■ Exercise goal
Pull each line with the string "False" from the entries.

■ Given records

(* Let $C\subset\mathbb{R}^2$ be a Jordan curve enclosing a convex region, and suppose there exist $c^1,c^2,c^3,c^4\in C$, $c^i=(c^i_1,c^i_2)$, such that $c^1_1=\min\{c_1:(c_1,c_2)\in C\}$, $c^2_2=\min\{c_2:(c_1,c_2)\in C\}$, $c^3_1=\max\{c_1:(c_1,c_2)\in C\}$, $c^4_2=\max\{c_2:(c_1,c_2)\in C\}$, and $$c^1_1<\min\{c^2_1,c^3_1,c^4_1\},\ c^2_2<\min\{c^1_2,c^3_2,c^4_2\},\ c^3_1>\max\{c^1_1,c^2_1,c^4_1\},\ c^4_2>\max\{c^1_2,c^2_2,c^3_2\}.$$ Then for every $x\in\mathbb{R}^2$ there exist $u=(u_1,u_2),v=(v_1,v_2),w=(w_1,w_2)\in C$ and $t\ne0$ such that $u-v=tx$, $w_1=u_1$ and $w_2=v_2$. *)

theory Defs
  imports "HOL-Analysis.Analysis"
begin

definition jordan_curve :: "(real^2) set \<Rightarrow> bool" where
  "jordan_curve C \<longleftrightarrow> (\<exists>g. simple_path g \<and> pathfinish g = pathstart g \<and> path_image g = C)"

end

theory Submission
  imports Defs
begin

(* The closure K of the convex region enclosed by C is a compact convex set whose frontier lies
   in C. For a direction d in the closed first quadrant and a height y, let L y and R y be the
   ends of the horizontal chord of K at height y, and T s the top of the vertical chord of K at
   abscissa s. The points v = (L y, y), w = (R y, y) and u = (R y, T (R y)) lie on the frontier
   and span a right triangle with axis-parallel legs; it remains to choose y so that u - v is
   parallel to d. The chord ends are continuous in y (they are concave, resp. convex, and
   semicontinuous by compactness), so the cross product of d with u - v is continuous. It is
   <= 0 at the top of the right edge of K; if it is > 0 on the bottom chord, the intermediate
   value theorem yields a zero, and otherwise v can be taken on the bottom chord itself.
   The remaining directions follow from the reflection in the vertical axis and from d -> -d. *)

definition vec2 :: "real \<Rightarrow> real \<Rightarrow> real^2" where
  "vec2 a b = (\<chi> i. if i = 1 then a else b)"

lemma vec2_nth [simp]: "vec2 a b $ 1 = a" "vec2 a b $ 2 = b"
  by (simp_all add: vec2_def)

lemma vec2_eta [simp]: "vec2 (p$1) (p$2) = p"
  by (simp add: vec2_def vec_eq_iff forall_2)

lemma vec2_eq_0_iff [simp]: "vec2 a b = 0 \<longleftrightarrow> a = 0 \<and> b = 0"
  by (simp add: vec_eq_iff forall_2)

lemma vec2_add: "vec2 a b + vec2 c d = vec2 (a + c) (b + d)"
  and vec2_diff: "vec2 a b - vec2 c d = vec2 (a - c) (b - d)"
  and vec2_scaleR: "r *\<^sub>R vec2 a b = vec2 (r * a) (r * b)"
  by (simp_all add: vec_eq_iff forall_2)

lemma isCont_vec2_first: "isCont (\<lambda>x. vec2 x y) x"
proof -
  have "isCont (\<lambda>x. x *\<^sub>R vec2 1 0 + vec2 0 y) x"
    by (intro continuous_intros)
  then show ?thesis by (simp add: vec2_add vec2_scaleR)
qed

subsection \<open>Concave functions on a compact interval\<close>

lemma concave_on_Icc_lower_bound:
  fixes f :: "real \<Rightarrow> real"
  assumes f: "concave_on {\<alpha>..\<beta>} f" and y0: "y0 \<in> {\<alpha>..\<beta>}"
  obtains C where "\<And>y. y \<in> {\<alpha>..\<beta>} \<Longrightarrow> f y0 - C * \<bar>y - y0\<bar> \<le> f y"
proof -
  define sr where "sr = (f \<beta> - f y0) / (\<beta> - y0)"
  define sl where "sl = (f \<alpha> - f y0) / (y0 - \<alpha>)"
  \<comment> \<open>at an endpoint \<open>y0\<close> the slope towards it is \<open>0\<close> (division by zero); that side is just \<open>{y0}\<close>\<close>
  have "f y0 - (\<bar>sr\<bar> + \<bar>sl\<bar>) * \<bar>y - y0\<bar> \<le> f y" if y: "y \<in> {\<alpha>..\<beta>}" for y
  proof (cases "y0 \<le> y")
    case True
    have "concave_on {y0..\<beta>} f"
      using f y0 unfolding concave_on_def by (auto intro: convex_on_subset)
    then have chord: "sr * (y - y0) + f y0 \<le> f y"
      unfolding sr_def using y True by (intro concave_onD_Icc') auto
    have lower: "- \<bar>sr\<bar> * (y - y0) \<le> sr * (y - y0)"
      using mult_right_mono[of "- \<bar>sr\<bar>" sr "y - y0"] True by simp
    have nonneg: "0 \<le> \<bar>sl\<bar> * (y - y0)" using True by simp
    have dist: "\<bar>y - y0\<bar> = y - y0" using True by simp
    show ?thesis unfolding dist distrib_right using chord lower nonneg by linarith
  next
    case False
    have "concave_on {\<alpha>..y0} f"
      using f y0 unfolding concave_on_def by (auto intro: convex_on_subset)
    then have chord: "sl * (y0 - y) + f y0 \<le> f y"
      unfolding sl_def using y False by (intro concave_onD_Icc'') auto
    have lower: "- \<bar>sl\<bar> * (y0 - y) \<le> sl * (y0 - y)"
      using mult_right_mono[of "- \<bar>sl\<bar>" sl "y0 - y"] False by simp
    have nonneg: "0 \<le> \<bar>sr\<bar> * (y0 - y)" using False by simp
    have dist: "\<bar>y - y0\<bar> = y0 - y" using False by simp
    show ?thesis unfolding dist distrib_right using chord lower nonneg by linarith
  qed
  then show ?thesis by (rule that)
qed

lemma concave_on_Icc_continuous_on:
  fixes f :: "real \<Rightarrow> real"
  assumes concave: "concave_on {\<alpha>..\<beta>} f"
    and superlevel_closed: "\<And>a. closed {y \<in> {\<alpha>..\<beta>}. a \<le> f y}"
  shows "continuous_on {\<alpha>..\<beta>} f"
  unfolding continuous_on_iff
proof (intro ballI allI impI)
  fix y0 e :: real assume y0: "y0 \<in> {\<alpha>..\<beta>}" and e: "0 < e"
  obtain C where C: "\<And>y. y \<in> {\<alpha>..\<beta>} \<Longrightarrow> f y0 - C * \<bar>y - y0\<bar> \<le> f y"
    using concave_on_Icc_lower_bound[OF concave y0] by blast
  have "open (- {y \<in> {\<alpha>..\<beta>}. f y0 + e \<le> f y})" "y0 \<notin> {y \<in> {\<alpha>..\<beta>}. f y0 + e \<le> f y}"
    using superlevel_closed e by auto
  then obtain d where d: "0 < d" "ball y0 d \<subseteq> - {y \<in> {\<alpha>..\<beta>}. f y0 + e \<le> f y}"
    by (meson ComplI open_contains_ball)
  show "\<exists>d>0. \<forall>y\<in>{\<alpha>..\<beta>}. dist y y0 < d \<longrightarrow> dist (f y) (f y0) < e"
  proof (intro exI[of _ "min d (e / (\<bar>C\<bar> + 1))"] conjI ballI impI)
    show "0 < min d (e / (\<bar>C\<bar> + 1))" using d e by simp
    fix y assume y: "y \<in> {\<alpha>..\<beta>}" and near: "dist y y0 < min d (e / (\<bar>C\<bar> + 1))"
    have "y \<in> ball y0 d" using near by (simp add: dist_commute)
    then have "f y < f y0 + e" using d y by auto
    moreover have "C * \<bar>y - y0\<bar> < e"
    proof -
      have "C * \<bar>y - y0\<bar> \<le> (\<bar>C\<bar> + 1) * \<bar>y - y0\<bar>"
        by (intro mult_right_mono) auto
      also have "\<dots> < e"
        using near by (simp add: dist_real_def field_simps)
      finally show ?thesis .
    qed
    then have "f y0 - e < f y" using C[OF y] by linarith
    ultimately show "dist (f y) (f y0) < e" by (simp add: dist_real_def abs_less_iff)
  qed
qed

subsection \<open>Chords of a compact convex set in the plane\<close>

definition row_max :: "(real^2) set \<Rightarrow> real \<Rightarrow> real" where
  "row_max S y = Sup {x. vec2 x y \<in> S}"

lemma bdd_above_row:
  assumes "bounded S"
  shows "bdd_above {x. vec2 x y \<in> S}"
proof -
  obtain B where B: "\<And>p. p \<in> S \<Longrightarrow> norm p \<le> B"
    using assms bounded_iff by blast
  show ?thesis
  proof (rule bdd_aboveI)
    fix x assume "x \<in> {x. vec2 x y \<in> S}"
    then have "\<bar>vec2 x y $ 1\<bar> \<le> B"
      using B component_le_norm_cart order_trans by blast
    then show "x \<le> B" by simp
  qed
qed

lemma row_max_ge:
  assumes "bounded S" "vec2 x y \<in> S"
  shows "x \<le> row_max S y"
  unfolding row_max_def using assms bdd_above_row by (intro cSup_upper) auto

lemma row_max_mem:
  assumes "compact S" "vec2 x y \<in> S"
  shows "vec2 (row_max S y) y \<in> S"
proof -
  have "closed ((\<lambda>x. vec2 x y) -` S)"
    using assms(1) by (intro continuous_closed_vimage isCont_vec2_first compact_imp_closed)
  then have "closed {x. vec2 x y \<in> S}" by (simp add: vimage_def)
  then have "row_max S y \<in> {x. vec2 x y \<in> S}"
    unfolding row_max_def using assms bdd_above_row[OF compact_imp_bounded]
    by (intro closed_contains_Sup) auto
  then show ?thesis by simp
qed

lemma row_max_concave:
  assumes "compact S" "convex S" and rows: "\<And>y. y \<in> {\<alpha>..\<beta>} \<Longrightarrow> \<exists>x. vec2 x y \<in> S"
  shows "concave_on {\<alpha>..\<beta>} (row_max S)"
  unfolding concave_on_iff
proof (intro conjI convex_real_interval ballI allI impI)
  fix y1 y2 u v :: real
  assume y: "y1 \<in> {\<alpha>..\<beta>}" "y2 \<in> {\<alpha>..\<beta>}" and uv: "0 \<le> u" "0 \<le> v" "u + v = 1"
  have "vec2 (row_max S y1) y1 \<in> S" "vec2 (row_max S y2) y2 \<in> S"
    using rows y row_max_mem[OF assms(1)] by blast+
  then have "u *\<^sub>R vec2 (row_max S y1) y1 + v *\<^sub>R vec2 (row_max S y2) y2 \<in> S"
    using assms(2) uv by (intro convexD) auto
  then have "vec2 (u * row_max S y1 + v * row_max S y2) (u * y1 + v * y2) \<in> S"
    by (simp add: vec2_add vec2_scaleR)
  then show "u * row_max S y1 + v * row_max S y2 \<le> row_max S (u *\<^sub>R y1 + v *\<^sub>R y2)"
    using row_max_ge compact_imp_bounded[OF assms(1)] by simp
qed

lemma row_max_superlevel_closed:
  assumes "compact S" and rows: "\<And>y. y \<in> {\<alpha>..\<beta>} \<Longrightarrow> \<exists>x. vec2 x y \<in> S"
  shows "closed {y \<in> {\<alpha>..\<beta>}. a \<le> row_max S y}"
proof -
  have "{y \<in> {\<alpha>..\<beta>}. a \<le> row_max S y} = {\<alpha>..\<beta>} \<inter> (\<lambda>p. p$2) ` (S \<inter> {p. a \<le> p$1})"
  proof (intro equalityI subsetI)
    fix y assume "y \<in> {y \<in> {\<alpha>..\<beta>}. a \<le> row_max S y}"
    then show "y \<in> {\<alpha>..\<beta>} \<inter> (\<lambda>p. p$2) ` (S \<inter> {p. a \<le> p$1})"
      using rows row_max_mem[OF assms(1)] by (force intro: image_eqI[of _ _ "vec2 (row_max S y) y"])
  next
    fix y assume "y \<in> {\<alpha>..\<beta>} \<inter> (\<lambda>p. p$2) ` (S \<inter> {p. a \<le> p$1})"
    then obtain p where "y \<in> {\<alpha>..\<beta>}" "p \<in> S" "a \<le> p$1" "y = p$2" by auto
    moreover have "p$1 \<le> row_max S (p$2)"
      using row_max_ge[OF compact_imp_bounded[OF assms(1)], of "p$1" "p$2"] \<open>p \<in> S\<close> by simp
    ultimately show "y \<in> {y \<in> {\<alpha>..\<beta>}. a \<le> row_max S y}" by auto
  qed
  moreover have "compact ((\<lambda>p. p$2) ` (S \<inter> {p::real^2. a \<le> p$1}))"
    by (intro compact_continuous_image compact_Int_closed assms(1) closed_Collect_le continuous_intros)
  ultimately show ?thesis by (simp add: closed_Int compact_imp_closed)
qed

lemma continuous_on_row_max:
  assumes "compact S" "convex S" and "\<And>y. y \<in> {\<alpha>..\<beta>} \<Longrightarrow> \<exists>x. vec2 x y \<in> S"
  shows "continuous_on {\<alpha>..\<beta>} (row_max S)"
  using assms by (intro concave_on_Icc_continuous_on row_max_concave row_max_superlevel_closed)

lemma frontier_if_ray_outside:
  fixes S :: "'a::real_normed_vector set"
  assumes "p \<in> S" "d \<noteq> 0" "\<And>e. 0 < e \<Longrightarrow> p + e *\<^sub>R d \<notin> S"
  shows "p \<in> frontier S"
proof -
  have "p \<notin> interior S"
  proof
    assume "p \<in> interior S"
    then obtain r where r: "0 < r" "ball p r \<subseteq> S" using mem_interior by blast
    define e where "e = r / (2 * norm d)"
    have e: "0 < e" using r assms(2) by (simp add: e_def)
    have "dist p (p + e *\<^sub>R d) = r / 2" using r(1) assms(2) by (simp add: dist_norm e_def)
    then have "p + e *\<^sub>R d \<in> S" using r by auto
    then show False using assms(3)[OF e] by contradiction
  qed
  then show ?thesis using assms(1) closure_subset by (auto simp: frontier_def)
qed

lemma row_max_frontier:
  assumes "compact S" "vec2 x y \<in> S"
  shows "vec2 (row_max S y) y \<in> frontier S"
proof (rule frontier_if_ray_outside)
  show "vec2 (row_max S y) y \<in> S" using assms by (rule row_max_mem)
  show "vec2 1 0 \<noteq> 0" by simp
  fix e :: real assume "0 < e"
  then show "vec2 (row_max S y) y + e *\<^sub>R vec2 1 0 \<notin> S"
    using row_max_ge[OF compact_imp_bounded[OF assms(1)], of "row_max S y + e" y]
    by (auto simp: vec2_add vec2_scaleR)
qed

■ Problem solution
    case False
      unfolding sl_def using y False by (intro concave_onD_Icc'') auto
      using mult_right_mono[of "- \<bar>sl\<bar>" sl "y0 - y"] False by simp
    have nonneg: "0 \<le> \<bar>sr\<bar> * (y0 - y)" using False by simp
    have dist: "\<bar>y - y0\<bar> = y0 - y" using False by simp
    then show False using assms(3)[OF e] by contradiction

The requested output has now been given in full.